- TASK TO COMPLETE -
Please copy out all lines of the entries that contain the word "shows".

- ENTRIES PROVIDED -
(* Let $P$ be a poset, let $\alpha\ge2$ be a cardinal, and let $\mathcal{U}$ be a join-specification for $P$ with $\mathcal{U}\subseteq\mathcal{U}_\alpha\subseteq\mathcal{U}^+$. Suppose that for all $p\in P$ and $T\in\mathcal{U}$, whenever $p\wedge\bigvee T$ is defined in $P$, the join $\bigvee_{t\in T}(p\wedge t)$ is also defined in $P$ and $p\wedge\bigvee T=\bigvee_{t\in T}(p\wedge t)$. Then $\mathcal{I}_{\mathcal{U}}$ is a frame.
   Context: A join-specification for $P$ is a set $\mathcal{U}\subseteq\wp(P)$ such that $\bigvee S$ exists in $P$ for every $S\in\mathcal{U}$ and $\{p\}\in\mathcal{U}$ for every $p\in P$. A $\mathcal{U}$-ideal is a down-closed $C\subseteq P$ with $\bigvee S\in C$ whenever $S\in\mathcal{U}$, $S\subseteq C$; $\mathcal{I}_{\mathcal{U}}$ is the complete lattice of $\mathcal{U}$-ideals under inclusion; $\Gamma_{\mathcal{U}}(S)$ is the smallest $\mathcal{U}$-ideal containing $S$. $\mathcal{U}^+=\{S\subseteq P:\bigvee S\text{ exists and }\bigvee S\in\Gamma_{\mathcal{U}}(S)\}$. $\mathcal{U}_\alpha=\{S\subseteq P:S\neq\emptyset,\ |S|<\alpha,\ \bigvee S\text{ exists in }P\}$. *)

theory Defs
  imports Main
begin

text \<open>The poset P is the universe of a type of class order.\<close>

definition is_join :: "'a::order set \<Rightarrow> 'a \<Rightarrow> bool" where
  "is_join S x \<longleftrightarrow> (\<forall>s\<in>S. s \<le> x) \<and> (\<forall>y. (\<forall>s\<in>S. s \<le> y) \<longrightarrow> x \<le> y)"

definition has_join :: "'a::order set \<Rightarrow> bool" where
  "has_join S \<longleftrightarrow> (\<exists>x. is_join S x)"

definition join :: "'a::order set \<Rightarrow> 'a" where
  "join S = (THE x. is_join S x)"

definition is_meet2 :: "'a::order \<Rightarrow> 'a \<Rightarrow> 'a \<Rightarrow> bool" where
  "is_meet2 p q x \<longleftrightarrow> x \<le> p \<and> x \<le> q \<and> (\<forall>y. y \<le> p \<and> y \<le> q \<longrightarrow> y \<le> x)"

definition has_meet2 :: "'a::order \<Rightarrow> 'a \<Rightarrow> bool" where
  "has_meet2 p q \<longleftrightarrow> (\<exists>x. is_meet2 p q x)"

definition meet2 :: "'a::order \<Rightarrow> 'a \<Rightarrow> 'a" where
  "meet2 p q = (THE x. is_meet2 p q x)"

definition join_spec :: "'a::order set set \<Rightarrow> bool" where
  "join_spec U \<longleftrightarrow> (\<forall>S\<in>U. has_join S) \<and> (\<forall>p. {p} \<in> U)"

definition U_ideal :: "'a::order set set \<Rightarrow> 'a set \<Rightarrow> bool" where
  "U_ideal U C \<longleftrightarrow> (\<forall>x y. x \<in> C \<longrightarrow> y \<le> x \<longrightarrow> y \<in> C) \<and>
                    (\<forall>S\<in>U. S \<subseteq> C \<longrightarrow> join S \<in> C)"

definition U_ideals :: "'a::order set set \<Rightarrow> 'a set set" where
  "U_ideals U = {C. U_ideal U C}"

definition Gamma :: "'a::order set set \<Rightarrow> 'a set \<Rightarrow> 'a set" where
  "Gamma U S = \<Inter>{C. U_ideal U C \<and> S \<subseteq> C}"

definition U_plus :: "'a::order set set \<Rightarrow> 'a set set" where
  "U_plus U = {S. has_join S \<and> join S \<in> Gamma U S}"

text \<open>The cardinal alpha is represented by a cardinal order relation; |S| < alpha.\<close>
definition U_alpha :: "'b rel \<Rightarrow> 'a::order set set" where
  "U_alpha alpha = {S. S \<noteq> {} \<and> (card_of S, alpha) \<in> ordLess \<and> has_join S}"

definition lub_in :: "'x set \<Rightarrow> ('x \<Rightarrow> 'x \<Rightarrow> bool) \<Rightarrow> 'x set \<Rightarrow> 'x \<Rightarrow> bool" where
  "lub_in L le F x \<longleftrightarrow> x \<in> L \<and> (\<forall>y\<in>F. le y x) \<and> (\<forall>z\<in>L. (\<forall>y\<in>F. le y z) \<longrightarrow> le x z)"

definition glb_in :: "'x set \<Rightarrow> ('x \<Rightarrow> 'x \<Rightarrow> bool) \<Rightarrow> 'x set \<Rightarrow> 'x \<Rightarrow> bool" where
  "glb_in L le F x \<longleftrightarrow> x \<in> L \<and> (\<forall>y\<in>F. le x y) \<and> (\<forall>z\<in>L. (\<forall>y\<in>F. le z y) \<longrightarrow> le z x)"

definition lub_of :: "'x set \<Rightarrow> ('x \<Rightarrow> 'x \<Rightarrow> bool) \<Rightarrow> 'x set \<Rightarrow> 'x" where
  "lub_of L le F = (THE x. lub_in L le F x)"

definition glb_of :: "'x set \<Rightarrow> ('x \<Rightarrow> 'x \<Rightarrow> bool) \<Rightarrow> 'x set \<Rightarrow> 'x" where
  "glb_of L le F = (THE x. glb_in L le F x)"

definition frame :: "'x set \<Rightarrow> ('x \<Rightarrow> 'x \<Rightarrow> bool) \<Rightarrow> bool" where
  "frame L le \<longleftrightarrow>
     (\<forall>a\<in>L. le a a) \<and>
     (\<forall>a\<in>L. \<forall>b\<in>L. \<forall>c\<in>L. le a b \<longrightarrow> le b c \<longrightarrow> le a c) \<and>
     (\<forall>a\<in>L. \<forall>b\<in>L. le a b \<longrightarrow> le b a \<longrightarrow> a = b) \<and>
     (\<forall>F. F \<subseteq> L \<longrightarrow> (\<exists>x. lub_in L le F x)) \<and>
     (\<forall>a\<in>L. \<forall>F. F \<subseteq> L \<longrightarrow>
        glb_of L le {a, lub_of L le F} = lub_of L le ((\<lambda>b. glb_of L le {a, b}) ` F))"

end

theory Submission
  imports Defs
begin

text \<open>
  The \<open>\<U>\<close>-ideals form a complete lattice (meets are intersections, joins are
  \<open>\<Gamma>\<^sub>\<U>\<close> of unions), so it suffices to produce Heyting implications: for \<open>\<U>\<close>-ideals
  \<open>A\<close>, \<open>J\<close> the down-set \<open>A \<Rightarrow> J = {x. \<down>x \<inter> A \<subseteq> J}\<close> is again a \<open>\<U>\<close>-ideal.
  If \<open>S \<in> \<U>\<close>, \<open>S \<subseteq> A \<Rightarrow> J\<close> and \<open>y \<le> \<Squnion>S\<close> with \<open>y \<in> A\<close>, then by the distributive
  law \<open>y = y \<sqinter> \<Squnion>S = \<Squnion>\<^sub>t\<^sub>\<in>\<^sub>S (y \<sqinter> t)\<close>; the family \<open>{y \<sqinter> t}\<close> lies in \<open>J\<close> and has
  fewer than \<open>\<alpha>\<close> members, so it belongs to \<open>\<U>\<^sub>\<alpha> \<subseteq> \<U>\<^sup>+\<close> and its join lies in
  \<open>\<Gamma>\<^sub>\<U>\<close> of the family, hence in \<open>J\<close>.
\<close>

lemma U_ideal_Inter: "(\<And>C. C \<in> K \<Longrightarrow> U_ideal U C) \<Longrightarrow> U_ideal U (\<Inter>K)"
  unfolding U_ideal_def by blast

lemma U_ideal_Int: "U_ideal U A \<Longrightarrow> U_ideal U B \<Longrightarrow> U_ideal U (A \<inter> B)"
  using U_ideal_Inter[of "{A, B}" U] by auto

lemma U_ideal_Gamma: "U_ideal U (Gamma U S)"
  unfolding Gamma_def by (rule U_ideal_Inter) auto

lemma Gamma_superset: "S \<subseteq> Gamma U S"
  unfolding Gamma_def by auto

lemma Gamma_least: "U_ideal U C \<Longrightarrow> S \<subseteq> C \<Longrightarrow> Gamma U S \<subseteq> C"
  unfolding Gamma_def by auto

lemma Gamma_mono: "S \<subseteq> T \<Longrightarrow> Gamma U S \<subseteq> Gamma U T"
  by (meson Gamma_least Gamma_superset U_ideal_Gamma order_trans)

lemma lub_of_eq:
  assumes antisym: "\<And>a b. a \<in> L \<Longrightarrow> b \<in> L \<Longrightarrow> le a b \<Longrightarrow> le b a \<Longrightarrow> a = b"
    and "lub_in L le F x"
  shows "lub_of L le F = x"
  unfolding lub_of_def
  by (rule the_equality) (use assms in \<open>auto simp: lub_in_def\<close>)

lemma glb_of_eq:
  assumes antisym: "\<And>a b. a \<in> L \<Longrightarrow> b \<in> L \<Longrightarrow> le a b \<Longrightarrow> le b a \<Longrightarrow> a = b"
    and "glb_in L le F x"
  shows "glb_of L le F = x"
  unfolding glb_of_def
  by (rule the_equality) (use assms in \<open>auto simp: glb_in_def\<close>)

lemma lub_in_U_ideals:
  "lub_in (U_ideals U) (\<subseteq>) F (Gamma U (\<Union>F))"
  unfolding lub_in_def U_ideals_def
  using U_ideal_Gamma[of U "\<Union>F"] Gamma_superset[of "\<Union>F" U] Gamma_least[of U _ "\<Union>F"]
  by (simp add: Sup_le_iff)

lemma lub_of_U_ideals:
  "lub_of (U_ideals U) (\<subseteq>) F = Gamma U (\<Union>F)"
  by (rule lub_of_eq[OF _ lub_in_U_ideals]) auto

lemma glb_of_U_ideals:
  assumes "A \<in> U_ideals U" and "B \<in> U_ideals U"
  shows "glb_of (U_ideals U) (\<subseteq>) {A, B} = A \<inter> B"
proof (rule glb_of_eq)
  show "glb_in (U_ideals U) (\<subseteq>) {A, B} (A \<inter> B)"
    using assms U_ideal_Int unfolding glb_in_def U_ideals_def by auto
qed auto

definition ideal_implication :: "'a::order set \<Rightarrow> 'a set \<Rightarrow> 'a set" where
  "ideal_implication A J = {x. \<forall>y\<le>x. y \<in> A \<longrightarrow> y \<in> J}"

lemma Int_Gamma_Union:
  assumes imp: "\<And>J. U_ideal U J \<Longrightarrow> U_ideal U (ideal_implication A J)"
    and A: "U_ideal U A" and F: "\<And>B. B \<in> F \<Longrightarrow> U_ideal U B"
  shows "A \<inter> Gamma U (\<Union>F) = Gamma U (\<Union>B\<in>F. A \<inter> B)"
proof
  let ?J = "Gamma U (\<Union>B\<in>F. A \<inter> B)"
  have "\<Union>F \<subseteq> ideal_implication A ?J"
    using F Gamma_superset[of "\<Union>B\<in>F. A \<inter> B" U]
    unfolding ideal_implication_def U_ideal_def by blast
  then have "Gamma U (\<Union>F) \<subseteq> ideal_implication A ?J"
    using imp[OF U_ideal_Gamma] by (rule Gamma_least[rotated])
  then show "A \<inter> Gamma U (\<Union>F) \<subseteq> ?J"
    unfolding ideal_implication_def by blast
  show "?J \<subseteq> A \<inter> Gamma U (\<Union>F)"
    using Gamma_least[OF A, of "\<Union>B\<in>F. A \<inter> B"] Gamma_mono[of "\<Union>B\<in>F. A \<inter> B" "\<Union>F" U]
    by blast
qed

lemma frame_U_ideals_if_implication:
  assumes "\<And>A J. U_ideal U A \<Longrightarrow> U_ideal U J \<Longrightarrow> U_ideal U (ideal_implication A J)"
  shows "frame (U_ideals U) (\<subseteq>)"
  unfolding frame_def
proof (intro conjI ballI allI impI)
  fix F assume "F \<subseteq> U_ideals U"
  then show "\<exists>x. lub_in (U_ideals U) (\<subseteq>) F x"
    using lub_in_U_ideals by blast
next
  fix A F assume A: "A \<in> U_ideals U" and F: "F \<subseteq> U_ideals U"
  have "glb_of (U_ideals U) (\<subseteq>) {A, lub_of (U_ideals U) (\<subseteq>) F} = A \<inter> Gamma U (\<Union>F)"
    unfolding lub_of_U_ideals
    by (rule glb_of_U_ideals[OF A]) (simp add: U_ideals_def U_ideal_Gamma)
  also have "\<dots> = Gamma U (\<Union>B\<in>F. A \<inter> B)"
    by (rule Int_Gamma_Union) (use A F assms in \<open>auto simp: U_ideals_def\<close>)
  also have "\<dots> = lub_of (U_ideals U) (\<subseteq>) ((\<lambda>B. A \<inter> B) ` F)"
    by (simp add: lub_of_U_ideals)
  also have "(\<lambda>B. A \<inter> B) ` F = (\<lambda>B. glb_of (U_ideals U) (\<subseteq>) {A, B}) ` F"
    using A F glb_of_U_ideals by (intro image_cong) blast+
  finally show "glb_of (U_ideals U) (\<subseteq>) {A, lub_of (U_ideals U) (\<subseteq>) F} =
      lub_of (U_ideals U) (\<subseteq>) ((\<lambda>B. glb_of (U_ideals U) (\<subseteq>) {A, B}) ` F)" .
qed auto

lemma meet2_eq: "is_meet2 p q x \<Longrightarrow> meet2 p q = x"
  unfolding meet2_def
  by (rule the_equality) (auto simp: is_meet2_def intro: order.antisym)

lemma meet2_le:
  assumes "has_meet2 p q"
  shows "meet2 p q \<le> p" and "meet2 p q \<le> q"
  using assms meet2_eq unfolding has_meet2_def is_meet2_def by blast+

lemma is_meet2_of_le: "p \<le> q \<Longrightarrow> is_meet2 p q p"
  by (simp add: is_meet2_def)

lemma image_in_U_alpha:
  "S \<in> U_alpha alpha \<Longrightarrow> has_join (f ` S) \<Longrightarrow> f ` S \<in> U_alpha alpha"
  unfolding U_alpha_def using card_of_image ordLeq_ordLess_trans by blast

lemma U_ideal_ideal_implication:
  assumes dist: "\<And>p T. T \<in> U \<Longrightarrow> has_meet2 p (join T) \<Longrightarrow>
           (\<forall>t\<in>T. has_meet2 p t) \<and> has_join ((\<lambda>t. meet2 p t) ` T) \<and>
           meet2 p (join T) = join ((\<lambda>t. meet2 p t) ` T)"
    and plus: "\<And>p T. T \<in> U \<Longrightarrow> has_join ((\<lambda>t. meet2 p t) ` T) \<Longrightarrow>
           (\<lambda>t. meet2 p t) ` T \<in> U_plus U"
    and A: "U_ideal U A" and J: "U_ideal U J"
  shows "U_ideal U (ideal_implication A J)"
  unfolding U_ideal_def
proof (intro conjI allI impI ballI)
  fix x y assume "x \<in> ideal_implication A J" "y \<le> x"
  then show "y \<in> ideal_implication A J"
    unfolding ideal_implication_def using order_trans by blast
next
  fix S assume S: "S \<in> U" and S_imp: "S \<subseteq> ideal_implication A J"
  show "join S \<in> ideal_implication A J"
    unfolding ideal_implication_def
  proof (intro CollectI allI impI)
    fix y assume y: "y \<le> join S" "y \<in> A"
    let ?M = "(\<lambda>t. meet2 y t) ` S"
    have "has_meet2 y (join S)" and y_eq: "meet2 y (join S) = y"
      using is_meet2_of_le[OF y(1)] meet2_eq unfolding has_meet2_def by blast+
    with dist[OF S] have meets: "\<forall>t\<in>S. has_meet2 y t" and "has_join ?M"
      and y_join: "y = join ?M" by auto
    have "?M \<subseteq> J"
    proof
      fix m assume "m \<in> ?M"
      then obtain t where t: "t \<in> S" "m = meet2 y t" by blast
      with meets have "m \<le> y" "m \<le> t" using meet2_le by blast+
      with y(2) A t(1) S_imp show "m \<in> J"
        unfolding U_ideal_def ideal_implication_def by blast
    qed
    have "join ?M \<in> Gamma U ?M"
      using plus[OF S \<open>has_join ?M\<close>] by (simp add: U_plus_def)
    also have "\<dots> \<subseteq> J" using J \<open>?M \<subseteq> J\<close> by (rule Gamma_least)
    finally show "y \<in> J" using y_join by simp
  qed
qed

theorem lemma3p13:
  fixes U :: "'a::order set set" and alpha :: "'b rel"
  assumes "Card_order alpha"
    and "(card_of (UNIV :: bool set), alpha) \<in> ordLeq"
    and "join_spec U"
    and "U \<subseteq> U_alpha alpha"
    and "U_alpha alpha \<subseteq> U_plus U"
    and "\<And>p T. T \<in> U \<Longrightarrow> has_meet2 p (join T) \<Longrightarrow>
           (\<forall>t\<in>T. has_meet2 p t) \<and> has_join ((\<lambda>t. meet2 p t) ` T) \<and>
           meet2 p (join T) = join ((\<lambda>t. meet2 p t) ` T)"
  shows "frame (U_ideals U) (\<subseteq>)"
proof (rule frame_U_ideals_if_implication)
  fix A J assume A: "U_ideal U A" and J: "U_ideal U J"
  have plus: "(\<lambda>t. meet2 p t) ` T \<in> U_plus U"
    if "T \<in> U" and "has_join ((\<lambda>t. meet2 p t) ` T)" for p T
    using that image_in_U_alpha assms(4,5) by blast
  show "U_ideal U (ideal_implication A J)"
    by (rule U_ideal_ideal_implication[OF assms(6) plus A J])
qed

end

- SOLUTION BELOW -
  shows "lub_of L le F = x"
  shows "glb_of L le F = x"
  shows "glb_of (U_ideals U) (\<subseteq>) {A, B} = A \<inter> B"
  shows "A \<inter> Gamma U (\<Union>F) = Gamma U (\<Union>B\<in>F. A \<inter> B)"
  shows "frame (U_ideals U) (\<subseteq>)"
  shows "meet2 p q \<le> p" and "meet2 p q \<le> q"
  shows "U_ideal U (ideal_implication A J)"
  shows "frame (U_ideals U) (\<subseteq>)"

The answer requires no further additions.